College of Chemical Engineering, Nanjing Forestry University, 159 Long Pan Road, Nanjing 210037, China.
College of Chemical Engineering, Nanjing Forestry University, 159 Long Pan Road, Nanjing 210037, China.
Fitoterapia. 2018 Sep;129:25-33. doi: 10.1016/j.fitote.2018.05.029. Epub 2018 May 28.

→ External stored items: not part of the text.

lemma map_poly_of_real_sum:
  "map_poly (of_real :: real \<Rightarrow> 'a::{real_algebra_1,comm_ring_1}) (sum f A)
     = (\<Sum>i\<in>A. map_poly of_real (f i))"
  by (induction A rule: infinite_finite_induct) (simp_all add: map_poly_of_real_add)

lemmas map_poly_of_real_simps =
  map_poly_of_real_add map_poly_of_real_diff map_poly_of_real_mult
  map_poly_of_real_smult map_poly_of_real_power map_poly_of_real_sum

lemma Re_poly_of_real_poly [simp]: "Re_poly (map_poly complex_of_real p) = p"
  by (simp add: Re_poly_def map_poly_map_poly o_def)

lemma of_real_poly_eq_0_iff [simp]: "map_poly complex_of_real p = 0 \<longleftrightarrow> p = 0"
  by (metis Re_poly_of_real_poly map_poly_0)

lemma degree_of_real_poly [simp]: "degree (map_poly complex_of_real p) = degree p"
  by (rule degree_map_poly) simp

lemma degree_Re_poly_le: "degree (Re_poly u) \<le> degree u"
  by (simp add: Re_poly_def map_poly_degree_leq)

lemma degree_Im_poly_le: "degree (Im_poly u) \<le> degree u"
  by (simp add: Im_poly_def map_poly_degree_leq)

lemma complex_poly_Re_Im:
  "u = map_poly complex_of_real (Re_poly u) + smult \<i> (map_poly complex_of_real (Im_poly u))"
  by (rule poly_eqI) (simp add: coeff_map_poly Re_poly_def Im_poly_def complex_eq_iff)
lemma ray_end_in_rc:
  assumes "0 \<in> C" "u \<in> C" "v \<in> C" "0 < s0" "0 < k"
    and ray: "\<And>s. 0 \<le> s \<Longrightarrow> s < s0 \<Longrightarrow> v - s *\<^sub>R u \<in> C"
  shows "k *\<^sub>R (v - s0 *\<^sub>R u) \<in> rc C"
proof (rule in_rc_if_line_approx[OF tvs])
  show "k *\<^sub>R (v - s0 *\<^sub>R u) \<in> affine hull C"
    using assms(1-3) by (simp add: affine_hull_eq_span span_base span_diff span_scale)
next
  fix e :: real
  assume "0 < e"
  define s where "s = min (e / 2) s0"
  have s: "0 < s" "s \<le> s0" "\<bar>s\<bar> < e"
    using \<open>0 < e\<close> assms(4) by (auto simp: s_def)
  then have "k *\<^sub>R (v - (s0 - s) *\<^sub>R u) \<in> C"
    using assms(5) ray by (intro scaleR_mem) auto
  moreover have "k *\<^sub>R (v - (s0 - s) *\<^sub>R u) = k *\<^sub>R (v - s0 *\<^sub>R u) + s *\<^sub>R (k *\<^sub>R u)"
    by (simp add: algebra_simps)
  ultimately show "\<exists>s. \<bar>s\<bar> < e \<and> k *\<^sub>R (v - s0 *\<^sub>R u) + s *\<^sub>R (k *\<^sub>R u) \<in> C"
    using s(3) by metis
qed
theorem projective_pointed_module_free:
  fixes M :: "'m set"
  assumes A: "monoid A" and d: "domain_with_zero A z"
    and proj: "pointed_module_projective A z M bp act"
  shows "pointed_module_free A z M bp act"
proof -
  obtain I :: "'m set" and r s where
    r: "pointed_module_hom A (free_pointed_carrier A z I) None (free_pointed_act A z) M bp act r" and
    s: "pointed_module_hom A M bp act (free_pointed_carrier A z I) None (free_pointed_act A z) s" and
    rs: "\<forall>x\<in>M. r (s x) = x"
    using proj unfolding pointed_module_projective_def by blast
  let ?F = "free_pointed_carrier A z"
  have e: "pointed_module_hom A (?F I) None (free_pointed_act A z) (?F I) None (free_pointed_act A z)
      (s \<circ> r)"
    using r s by (rule pointed_module_hom_comp)
  have e_None: "s (r None) = None"
    using e by (simp add: pointed_module_hom_def)
  have e_generator: "s (r (Some (i, a))) = free_pointed_act A z a (s (r (Some (i, \<one>\<^bsub>A\<^esub>))))"
    if "i \<in> I" "a \<in> carrier A" "a \<noteq> z" for i a
    using free_pointed_hom_generator[OF A d e that] by simp
  define J where "J = {i \<in> I. s (r (Some (i, \<one>\<^bsub>A\<^esub>))) = Some (i, \<one>\<^bsub>A\<^esub>)}"
  have "J \<subseteq> I" by (auto simp: J_def)
  have e_fixes_FJ: "\<forall>p \<in> ?F J. s (r p) = p"
    using A e_None
    by (auto simp: free_pointed_carrier_def J_def e_generator free_pointed_act_generator)
  have s_into_FJ: "s ` M \<subseteq> ?F J"
  proof
    fix y assume "y \<in> s ` M"
    then obtain x where x: "x \<in> M" and y: "y = s x" by blast
    then have "s x \<in> ?F I"
      using s by (simp add: pointed_module_hom_def set_module_hom_def)
    then consider "s x = None"
      | i a where "s x = Some (i, a)" "i \<in> I" "a \<in> carrier A" "a \<noteq> z"
      by (auto simp: free_pointed_carrier_def)
    then show "y \<in> ?F J"
    proof cases
      case 1
      then show ?thesis using y by (simp add: free_pointed_carrier_def)
    next
      case (2 i a)
      have "Some (i, \<one>\<^bsub>A\<^esub>) \<in> ?F I"
        using A d 2 by (simp add: free_pointed_carrier_def domain_with_zero_def)
      then have "s (r (Some (i, \<one>\<^bsub>A\<^esub>))) \<in> ?F I"
        using e by (simp add: pointed_module_hom_def set_module_hom_def)
      moreover have "free_pointed_act A z a (s (r (Some (i, \<one>\<^bsub>A\<^esub>)))) = Some (i, a)"
        using rs x 2 e_generator by metis
      ultimately have "s (r (Some (i, \<one>\<^bsub>A\<^esub>))) = Some (i, \<one>\<^bsub>A\<^esub>)"
        by (rule free_pointed_act_eq_generator[OF A d 2(3,4)])
      then show ?thesis
        using 2 y by (simp add: J_def free_pointed_carrier_def)
    qed
  qed
  have "r ` ?F J \<subseteq> M"
    using r free_pointed_carrier_mono[OF \<open>J \<subseteq> I\<close>, of A z]
    unfolding pointed_module_hom_def set_module_hom_def by blast
  then have "bij_betw r (?F J) M"
    using e_fixes_FJ rs s_into_FJ by (intro bij_betw_byWitness[where f' = s])
  then show ?thesis
    unfolding pointed_module_free_def using pointed_module_hom_free_subset[OF r \<open>J \<subseteq> I\<close>] by blast
qed

theorem mainTheorem4:
  fixes A :: "('a, 'b) monoid_scheme"
  assumes "comm_monoid A"
  shows "(cancellative A \<longrightarrow>
            (\<forall>(M :: 'm set) act. set_module A M act \<and> set_module_projective A M act
               \<longrightarrow> set_module_free A M act))
       \<and> (\<forall>z. is_zero_of A z \<and> domain_with_zero A z \<longrightarrow>
            (\<forall>(M :: 'm set) bp act. pointed_module A z M bp act \<and> pointed_module_projective A z M bp act
               \<longrightarrow> pointed_module_free A z M bp act))"
proof -
  have A: "monoid A"
    using assms by (rule comm_monoid.axioms(1))
  show ?thesis
    by (blast intro: projective_set_module_free[OF A] projective_pointed_module_free[OF A])
qed

end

Chlorogenic acid (CGA) has been reported to exhibit potent anti-inflammatory activity. However, the development of anti-inflammatory agent based on CGA has not been investigated. In this paper, a series of caffeoyl salicylate compounds derived from CGA were designed, synthesized, and evaluated by LPS-induced nitric oxide synthase inhibition and QRT-PCR technique. Most compounds showed modest activity to inhibit production of nitric oxide (NO) in RAW 264.7 cells induced by lipopolysaccharides (LPS). Among these compounds, QRT-PCR and western blotting results indicated that compounds 6b, 6c, 6f, 6g and D104 that possess 5-member ring or 6-member ring caused a significant inhibition against expression of the iNOS2 in LPS-induced macrophages. In addition, cytotoxic assay displayed most derivatives have good safety in vitro. This new promising scaffold could be further exploited for the development of anti-inflammatory agent in the future.
绿原酸(CGA)已被报道具有很强的抗炎活性。然而,基于 CGA 的抗炎剂的开发尚未得到研究。在本文中,设计、合成了一系列源自 CGA 的咖啡酰水杨酸酯化合物,并通过 LPS 诱导的一氧化氮合酶抑制和 QRT-PCR 技术进行了评价。大多数化合物对脂多糖(LPS)诱导的 RAW 264.7 细胞中一氧化氮(NO)的产生表现出适度的抑制活性。在这些化合物中,QRT-PCR 和 Western blot 结果表明,具有 5 元环或 6 元环的化合物 6b、6c、6f、6g 和 D104 对 LPS 诱导的巨噬细胞中 iNOS2 的表达有显著抑制作用。此外,细胞毒性测定显示大多数衍生物在体外具有良好的安全性。这个新的有前途的骨架可以在未来进一步开发用于抗炎剂。